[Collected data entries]
= Beginning of Section =

(* Let $\mathcal{P}$ be a collection of cells. Let $a=(i,j)$, $b=(k,l)$ with $i<k$, $j<l$, and $\beta=(p,q)$ with $p>k$, $q>l$, and suppose $[a,b]$ and $[\alpha,\beta]$ with $\alpha=b$ are inner intervals of $\mathcal{P}$. Put $c=(i,l)$, $d=(k,j)$, $\gamma=(k,q)$, $\delta=(p,l)$, $h=(p,j)$, $r=(i,q)$. Let $<^{\mathsf{P}}$ be a $\mathsf{P}$-order on $V(\mathcal{P})$ and suppose that the leading monomials of $f_{a,b}$ and $f_{\alpha,\beta}$ with respect to $<^{\mathsf{P}}_{\mathrm{lex}}$ are not coprime. Then $S(f_{a,b},f_{\alpha,\beta})$ reduces to $0$ modulo $\mathcal{G}$ with respect to $<^{\mathsf{P}}_{\mathrm{lex}}$ if and only if one of the following holds: (1) $x_ax_\gamma x_\delta<^{\mathsf{P}}_{\mathrm{lex}}x_\beta x_dx_c$, $[d,\delta]$ is an inner interval of $\mathcal{P}$, and ($h,\gamma<^{\mathsf{P}}\beta$ or $h,\gamma<^{\mathsf{P}}d$); (2) $x_ax_\gamma x_\delta<^{\mathsf{P}}_{\mathrm{lex}}x_\beta x_dx_c$, $[c,\gamma]$ is an inner interval of $\mathcal{P}$, and ($r,\delta<^{\mathsf{P}}\beta$ or $r,\delta<^{\mathsf{P}}c$); (3) $x_\beta x_dx_c<^{\mathsf{P}}_{\mathrm{lex}}x_ax_\gamma x_\delta$, $[c,\gamma]$ is an inner interval of $\mathcal{P}$, and ($r,d<^{\mathsf{P}}a$ or $r,d<^{\mathsf{P}}\gamma$); (4) $x_\beta x_dx_c<^{\mathsf{P}}_{\mathrm{lex}}x_ax_\gamma x_\delta$, $[d,\delta]$ is an inner interval of $\mathcal{P}$, and ($c,h<^{\mathsf{P}}a$ or $c,h<^{\mathsf{P}}\delta$).
   Context: For $a=(i,j), b=(k,l)\in\mathbb{Z}^2$ with $a\le b$ componentwise, the interval $[a,b]=\{(m,n)\in\mathbb{Z}^2: i\le m\le k,\ j\le n\le l\}$; it is proper if $i<k$ and $j<l$, in which case $a,b$ are its diagonal corners and $(i,l)$ (upper left), $(k,j)$ (lower right) its anti-diagonal corners. A cell is a proper interval $[v,v+(1,1)]$; its vertices are its four corners. A collection of cells $\mathcal{P}$ is a nonempty finite set of cells; $V(\mathcal{P})$ is the set of all vertices of its cells. A proper interval $[a,b]$ is an inner interval of $\mathcal{P}$ if every cell $[v,v+(1,1)]\subseteq[a,b]$ belongs to $\mathcal{P}$. Let $K$ be a field and $S=K[x_v: v\in V(\mathcal{P})]$. For an inner interval $[a,b]$ with upper left corner $c$ and lower right corner $d$, put $f_{a,b}=x_ax_b-x_cx_d$; $\mathcal{G}$ is the set of all such inner 2-minors of $\mathcal{P}$. A $\mathsf{P}$-order is a total order $<^{\mathsf{P}}$ on $V(\mathcal{P})$; $<^{\mathsf{P}}_{\mathrm{lex}}$ is the lexicographic monomial order on $S$ with $x_u<x_v\iff u<^{\mathsf{P}}v$. For vertices $u,v,w$, "$u,v<^{\mathsf{P}}w$" means $u<^{\mathsf{P}}w$ and $v<^{\mathsf{P}}w$. *)

theory Defs
  imports Main "HOL-Library.Poly_Mapping"
begin

type_synonym vertex = "int \<times> int"
type_synonym monom = "vertex \<Rightarrow>\<^sub>0 nat"
type_synonym 'k mpoly = "monom \<Rightarrow>\<^sub>0 'k"

definition interval :: "vertex \<Rightarrow> vertex \<Rightarrow> vertex set" where
  "interval a b = {(m, n). fst a \<le> m \<and> m \<le> fst b \<and> snd a \<le> n \<and> n \<le> snd b}"

definition proper_interval :: "vertex \<Rightarrow> vertex \<Rightarrow> bool" where
  "proper_interval a b \<longleftrightarrow> fst a < fst b \<and> snd a < snd b"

= End of Section =

> **What you will do**: Give again, word for word, every line from the one holding "fst a \<le>" to the end of the data.

> **Result**:
  "interval a b = {(m, n). fst a \<le> m \<and> m \<le> fst b \<and> snd a \<le> n \<and> n \<le> snd b}"

definition proper_interval :: "vertex \<Rightarrow> vertex \<Rightarrow> bool" where
  "proper_interval a b \<longleftrightarrow> fst a < fst b \<and> snd a < snd b"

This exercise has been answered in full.